In this paper we examine a short-lived aseismic slip episode which began immediately following the 2016 Kaikoura earthquake in the South Island of New Zealand. Using synthetic aperture radar data, we form an interferometric synthetic aperture radar time series over the epicentral region of the Kaikoura mainshock. Immediately following the earthquake, we observe 150 mm of localized uplift over an similar to 25-km(2) region which is best explained by an increase in pore pressure within a shallow fluid trap as a result of a coseismic permeability change. After the initial uplift stops, deformation becomes focused along a NE-SW trending discontinuity which cuts through the uplifted region. The fault lies within a large (similar to -4 MPa) stress shadow induced by the coseismic stress change suggesting that failure should be inhibited. However, a reduction in the effective normal stress caused by the local pore pressure increase was sufficient to induce a short-lived aseismic slip episode.

Plain Language Summary Pore fluid pressure plays a critical role in fault behavior. As the pressure increases, the stresses which help prevent the fault from breaking are reduced making it easier for the fault to move.

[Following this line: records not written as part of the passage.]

theorem proposition3:
  fixes scale :: "'k::field \<Rightarrow> 'a::ring \<Rightarrow> 'a"
    and e :: "nat \<Rightarrow> 'a"
    and S :: "'a set"
  assumes alg: "affine_algebra scale"
    and infdim: "\<not> (\<exists>B. finite B \<and> module.span scale B = UNIV)"
    and inj: "inj e"
    and basis_indep: "\<not> module.dependent scale (range e)"
    and basis_span: "module.span scale (range e) = UNIV"
    and S_fin: "finite S"
    and growth: "\<And>F. finite F \<Longrightarrow> F \<subseteq> range e \<Longrightarrow>
        vector_space.dim scale {f * r | f r. f \<in> F \<and> r \<in> S} \<ge> 2 * card F"
  shows "\<exists>(m::nat) (A :: nat \<Rightarrow> 'a set) (g :: nat \<Rightarrow> 'a) (h :: nat \<Rightarrow> 'a).
           (\<Union>k<m. A k) = range e \<and>
           (\<forall>k<m. A k \<noteq> {}) \<and>
           (\<forall>k<m. \<forall>k'<m. k \<noteq> k' \<longrightarrow> A k \<inter> A k' = {}) \<and>
           (\<forall>k<m. g k \<in> S \<and> h k \<in> S) \<and>
           mutually_independent scale ({..<m} \<times> (UNIV :: bool set))
             (\<lambda>(k, b). if b then (\<lambda>a. a * g k) ` A k else (\<lambda>a. a * h k) ` A k)"
proof -
  interpret vector_space scale
    using alg by (simp add: affine_algebra_def algebra_over_def module_iff_vector_space)
  obtain t s where t: "inj t" "independent (range t)"
    and s: "\<And>n. s n \<in> S" "\<And>n. t n = e (n div 2) * s n"
    by (rule independent_transversal_of_products[OF vector_space_axioms inj S_fin growth]) auto
  define c where "c i = (s (2 * i), s (2 * i + 1))" for i
  have c_range: "range c \<subseteq> S \<times> S"
    using s(1) by (auto simp: c_def)
  then have "finite (range c)"
    using S_fin by (simp add: finite_subset)
  then obtain m :: nat and f where f: "bij_betw f {..<m} (range c)"
    by (metis ex_bij_betw_nat_finite lessThan_atLeast0)
  define A where "A k = e ` (c -` {f k})" for k
  define Q where "Q = (\<lambda>(k, b). {n. c (n div 2) = f k \<and> (if b then even n else odd n)})"
  have family: "(\<lambda>(k, b). if b then (\<lambda>a. a * fst (f k)) ` A k else (\<lambda>a. a * snd (f k)) ` A k)
      = (\<lambda>x. t ` Q x)"
    using paired_products_fibre_image[OF s(2) c_def] by (auto simp: fun_eq_iff A_def Q_def)
  have "Q x \<inter> Q y = {}" if "x \<in> {..<m} \<times> UNIV" "y \<in> {..<m} \<times> UNIV" "x \<noteq> y" for x y
    using that f by (auto simp: Q_def bij_betw_def inj_on_def split: if_splits)
  then have "mutually_independent scale ({..<m} \<times> UNIV)
      (\<lambda>(k, b). if b then (\<lambda>a. a * fst (f k)) ` A k else (\<lambda>a. a * snd (f k)) ` A k)"
    unfolding family by (rule mutually_independent_image[OF vector_space_axioms t])
  moreover have "\<forall>k<m. fst (f k) \<in> S \<and> snd (f k) \<in> S"
    using bij_betwE[OF f] c_range by (metis lessThan_iff mem_Times_iff subsetD)
  moreover have "(\<Union>k<m. A k) = range e" "\<forall>k<m. A k \<noteq> {}"
    "\<forall>k<m. \<forall>k'<m. k \<noteq> k' \<longrightarrow> A k \<inter> A k' = {}"
    using fibres_partition[OF f inj] by (simp_all add: A_def)
  ultimately show ?thesis
    by (intro exI[of _ m] exI[of _ A] exI[of _ "\<lambda>k. fst (f k)"] exI[of _ "\<lambda>k. snd (f k)"] conjI)
qed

In this study, we use interferometric synthetic aperture radar data to measure an aseismic slip (no earthquakes) episode within the epicentral region of the 2016 Kaikoura earthquake in New Zealand. Localized uplift observed immediately after the earthquake was likely caused by a pore pressure increase within a shallow fluid trap as a result of a coseismic permeability change. The observed uplift rapidly dissipates with displacements becoming focused along a NE-SW trending fault. Because of the position and orientation of the fault relative to the Kaikoura rupture, slip along the fault would have been inhibited by the Kaikoura stress change. However, because of the local increase in pore pressure, the fault was able to move over a period of a few weeks without generating detectable seismic energy until the pore pressure dissipated and the fault relocked. Based on these observations and scaled to larger displacement episodes, along-strike variations in fluid budget could explain the changes in fault behavior observed along larger fault systems.